RECORD SET

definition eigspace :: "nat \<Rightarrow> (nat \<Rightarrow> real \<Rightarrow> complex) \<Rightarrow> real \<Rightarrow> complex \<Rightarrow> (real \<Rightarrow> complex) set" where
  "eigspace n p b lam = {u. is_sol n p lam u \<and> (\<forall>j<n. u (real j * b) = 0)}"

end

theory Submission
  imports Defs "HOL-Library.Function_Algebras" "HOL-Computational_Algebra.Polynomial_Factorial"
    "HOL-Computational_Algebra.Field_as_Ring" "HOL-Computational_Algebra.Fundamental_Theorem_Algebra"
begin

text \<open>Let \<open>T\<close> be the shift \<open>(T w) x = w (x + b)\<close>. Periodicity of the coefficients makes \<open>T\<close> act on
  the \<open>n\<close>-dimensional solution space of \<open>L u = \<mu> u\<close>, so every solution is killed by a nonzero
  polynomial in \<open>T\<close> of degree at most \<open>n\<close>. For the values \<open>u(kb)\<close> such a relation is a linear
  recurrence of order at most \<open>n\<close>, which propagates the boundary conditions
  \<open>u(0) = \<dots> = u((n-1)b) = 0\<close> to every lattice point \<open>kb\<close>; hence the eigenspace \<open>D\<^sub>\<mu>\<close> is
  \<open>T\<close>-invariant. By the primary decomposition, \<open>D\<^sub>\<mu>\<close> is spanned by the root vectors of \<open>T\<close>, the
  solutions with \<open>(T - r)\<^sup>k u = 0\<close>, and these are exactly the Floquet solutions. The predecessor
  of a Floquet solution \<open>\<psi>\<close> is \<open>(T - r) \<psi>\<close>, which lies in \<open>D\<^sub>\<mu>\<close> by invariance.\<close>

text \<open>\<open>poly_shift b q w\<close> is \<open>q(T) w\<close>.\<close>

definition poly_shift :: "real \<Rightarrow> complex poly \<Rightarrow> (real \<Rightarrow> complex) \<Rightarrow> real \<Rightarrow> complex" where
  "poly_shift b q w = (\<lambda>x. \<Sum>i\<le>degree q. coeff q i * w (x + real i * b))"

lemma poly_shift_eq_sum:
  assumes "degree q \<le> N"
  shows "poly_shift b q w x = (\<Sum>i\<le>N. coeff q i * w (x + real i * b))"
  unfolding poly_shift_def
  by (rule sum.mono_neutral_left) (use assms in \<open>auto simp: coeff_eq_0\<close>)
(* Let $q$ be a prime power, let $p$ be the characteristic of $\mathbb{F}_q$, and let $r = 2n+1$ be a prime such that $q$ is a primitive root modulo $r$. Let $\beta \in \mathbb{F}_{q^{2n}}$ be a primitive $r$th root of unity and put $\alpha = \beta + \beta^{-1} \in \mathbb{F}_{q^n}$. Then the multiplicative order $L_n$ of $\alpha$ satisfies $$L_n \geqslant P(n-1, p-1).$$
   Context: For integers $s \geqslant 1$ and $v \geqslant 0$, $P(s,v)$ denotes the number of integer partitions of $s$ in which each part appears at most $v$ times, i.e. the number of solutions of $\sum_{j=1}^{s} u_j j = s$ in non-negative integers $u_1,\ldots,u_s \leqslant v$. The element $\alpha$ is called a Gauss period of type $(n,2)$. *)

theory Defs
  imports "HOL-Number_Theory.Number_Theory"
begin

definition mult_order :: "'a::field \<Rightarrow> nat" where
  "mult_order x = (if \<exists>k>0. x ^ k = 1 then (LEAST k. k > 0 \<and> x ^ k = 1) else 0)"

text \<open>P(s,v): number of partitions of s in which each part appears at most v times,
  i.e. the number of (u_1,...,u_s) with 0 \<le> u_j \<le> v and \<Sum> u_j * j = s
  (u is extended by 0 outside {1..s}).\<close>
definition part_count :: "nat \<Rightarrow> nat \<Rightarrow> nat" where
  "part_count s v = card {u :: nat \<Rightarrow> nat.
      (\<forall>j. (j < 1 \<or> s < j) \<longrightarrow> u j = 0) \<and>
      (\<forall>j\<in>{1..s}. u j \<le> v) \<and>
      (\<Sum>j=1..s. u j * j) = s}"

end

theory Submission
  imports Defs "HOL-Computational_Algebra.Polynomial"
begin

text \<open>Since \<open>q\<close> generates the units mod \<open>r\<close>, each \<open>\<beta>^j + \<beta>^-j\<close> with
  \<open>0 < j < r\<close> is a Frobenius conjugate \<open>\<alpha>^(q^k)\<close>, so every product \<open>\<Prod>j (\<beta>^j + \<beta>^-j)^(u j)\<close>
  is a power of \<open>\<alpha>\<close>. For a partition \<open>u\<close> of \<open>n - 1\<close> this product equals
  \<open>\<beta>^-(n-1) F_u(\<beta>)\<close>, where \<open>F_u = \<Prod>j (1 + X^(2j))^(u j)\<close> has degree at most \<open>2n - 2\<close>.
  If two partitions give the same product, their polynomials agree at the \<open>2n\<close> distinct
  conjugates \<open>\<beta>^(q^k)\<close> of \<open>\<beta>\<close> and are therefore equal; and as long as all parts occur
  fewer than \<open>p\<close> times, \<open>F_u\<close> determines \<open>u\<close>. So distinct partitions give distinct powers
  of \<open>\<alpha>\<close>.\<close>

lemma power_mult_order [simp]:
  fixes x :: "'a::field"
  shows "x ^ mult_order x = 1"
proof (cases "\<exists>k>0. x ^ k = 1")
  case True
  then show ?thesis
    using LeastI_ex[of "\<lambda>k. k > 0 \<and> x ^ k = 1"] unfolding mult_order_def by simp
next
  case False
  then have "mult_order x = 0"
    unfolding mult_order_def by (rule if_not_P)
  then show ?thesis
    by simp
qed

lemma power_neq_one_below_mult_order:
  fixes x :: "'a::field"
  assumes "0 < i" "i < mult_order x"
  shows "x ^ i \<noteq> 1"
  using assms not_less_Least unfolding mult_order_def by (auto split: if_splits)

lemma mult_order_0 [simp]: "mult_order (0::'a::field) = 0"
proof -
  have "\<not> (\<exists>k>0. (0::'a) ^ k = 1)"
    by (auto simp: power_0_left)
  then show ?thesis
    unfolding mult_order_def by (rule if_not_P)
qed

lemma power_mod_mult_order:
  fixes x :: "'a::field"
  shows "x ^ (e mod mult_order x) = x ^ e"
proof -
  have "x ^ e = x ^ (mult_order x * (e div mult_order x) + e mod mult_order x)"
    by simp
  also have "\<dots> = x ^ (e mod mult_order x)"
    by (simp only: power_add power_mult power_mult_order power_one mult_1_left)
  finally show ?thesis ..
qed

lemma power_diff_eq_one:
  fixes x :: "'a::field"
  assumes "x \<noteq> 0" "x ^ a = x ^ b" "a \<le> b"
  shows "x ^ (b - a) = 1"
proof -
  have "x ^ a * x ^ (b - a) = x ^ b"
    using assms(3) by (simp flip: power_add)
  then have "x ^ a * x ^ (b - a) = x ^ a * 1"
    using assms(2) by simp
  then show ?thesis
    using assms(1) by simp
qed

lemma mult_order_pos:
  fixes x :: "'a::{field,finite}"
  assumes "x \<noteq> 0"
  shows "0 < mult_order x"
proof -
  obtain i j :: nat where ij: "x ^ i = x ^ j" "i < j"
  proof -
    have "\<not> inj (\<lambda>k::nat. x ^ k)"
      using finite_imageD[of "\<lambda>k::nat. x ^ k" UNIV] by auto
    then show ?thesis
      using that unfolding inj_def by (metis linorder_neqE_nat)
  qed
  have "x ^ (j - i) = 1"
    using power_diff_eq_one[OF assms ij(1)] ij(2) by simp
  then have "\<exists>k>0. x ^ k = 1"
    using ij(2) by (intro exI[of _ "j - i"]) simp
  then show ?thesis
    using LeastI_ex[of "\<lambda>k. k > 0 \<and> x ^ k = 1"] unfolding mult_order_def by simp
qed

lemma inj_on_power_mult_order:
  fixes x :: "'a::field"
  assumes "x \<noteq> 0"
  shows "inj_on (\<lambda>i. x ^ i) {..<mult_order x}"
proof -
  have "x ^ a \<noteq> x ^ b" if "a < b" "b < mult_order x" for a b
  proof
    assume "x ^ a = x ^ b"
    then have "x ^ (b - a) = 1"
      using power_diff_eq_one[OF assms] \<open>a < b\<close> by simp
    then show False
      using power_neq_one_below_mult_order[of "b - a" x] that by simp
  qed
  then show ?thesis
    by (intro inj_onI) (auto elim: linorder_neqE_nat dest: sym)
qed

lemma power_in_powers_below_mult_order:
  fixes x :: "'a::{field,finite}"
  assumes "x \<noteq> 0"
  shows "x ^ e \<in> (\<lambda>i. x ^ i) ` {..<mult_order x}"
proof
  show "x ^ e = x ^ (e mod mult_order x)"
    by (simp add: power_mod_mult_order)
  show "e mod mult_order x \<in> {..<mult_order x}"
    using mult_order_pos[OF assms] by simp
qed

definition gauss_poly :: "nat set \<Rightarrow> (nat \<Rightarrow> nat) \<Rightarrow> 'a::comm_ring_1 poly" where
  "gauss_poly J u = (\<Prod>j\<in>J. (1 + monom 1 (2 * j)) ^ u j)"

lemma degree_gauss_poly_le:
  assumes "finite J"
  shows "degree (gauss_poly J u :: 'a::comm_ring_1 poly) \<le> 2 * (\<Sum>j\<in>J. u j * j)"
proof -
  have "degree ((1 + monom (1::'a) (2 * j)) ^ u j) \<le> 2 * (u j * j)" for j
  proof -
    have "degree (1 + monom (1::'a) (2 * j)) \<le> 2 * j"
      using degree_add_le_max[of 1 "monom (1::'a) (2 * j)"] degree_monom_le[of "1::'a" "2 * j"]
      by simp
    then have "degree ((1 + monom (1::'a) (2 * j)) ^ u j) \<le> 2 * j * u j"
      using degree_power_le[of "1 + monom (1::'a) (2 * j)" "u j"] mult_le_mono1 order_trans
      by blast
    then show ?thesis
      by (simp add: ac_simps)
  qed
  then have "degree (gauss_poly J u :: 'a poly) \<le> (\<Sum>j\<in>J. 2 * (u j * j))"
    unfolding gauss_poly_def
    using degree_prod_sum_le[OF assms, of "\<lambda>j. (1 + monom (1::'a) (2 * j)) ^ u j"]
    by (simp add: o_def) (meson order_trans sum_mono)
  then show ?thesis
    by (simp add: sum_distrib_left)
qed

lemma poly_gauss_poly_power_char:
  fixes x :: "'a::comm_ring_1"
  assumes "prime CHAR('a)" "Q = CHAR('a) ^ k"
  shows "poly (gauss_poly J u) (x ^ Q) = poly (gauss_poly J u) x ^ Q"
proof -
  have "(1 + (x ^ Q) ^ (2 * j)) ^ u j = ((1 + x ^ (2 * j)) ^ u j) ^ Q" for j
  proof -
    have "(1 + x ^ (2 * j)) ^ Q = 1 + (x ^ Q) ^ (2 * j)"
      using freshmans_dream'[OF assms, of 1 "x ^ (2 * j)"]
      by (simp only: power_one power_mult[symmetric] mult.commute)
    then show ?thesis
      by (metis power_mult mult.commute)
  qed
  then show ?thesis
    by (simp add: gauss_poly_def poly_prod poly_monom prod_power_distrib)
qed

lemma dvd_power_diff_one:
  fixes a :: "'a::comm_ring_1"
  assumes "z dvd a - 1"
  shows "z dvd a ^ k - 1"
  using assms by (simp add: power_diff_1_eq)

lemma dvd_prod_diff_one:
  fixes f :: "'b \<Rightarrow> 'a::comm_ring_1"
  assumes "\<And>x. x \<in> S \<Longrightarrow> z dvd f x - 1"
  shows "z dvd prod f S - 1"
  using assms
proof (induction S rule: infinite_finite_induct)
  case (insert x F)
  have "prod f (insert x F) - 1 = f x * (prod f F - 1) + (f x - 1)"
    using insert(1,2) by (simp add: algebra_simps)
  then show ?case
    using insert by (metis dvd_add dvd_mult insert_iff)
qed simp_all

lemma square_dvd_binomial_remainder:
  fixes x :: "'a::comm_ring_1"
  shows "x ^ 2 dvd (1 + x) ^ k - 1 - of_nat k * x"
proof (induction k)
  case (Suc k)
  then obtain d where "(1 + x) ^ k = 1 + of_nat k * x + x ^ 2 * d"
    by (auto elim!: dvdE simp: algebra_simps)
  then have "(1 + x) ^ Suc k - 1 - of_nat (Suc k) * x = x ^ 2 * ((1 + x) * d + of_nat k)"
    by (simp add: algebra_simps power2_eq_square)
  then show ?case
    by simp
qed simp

INSTRUCTIONS FOR THE TASK
Whenever a line of the material holds the word "where", copy it out.

SOLVED EXERCISE
definition eigspace :: "nat \<Rightarrow> (nat \<Rightarrow> real \<Rightarrow> complex) \<Rightarrow> real \<Rightarrow> complex \<Rightarrow> (real \<Rightarrow> complex) set" where
definition poly_shift :: "real \<Rightarrow> complex poly \<Rightarrow> (real \<Rightarrow> complex) \<Rightarrow> real \<Rightarrow> complex" where
definition mult_order :: "'a::field \<Rightarrow> nat" where
definition part_count :: "nat \<Rightarrow> nat \<Rightarrow> nat" where
  \<open>\<beta>^-(n-1) F_u(\<beta>)\<close>, where \<open>F_u = \<Prod>j (1 + X^(2j))^(u j)\<close> has degree at most \<open>2n - 2\<close>.
  obtain i j :: nat where ij: "x ^ i = x ^ j" "i < j"
definition gauss_poly :: "nat set \<Rightarrow> (nat \<Rightarrow> nat) \<Rightarrow> 'a::comm_ring_1 poly" where
  then obtain d where "(1 + x) ^ k = 1 + of_nat k * x + x ^ 2 * d"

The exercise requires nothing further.